_Study material_.
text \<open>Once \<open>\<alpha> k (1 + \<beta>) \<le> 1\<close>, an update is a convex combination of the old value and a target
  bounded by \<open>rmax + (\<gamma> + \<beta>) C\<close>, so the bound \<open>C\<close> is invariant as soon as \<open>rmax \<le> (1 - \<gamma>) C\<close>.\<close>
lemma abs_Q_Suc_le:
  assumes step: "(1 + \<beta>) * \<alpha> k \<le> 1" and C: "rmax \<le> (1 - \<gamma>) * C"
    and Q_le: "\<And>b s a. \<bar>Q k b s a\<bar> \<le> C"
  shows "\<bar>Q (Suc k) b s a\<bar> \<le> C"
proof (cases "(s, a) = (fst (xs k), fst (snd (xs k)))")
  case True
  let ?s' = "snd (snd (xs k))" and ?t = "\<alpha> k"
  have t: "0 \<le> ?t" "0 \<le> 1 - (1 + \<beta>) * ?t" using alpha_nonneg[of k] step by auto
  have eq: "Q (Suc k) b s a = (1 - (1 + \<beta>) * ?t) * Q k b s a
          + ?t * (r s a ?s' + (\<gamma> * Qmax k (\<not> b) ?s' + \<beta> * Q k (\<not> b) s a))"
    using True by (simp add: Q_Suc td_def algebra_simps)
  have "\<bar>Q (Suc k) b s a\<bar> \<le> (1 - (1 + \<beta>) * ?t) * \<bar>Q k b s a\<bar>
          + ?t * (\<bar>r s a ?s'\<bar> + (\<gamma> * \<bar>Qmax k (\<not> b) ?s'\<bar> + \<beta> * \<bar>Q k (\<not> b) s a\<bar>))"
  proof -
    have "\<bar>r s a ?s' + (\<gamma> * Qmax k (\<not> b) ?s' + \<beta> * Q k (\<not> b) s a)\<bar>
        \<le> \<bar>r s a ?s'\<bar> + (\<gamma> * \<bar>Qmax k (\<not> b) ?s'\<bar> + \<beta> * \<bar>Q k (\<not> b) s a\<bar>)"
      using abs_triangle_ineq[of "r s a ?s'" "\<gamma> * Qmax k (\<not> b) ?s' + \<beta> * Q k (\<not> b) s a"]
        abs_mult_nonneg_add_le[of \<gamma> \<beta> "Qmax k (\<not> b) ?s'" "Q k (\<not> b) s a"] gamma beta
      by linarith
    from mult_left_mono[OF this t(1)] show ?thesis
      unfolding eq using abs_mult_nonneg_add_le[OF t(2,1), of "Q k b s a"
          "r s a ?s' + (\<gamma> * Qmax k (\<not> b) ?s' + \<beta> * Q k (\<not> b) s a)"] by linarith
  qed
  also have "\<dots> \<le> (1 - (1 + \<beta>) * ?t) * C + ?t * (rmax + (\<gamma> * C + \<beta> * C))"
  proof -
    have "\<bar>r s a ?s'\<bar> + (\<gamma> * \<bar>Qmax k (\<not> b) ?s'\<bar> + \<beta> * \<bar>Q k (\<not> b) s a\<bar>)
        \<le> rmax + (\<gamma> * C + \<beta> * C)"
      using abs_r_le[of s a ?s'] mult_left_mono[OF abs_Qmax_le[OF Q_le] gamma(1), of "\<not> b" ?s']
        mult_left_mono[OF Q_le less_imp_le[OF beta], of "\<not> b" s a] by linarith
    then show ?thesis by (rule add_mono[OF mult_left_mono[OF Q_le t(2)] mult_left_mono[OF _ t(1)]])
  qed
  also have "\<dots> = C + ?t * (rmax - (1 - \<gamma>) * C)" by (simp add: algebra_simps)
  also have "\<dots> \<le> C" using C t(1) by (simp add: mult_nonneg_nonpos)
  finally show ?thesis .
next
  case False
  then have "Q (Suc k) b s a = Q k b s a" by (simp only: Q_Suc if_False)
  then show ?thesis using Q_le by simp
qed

_Directions_.
Report each line above containing the string "step".

_Solution below_.
  assumes step: "(1 + \<beta>) * \<alpha> k \<le> 1" and C: "rmax \<le> (1 - \<gamma>) * C"
  have t: "0 \<le> ?t" "0 \<le> 1 - (1 + \<beta>) * ?t" using alpha_nonneg[of k] step by auto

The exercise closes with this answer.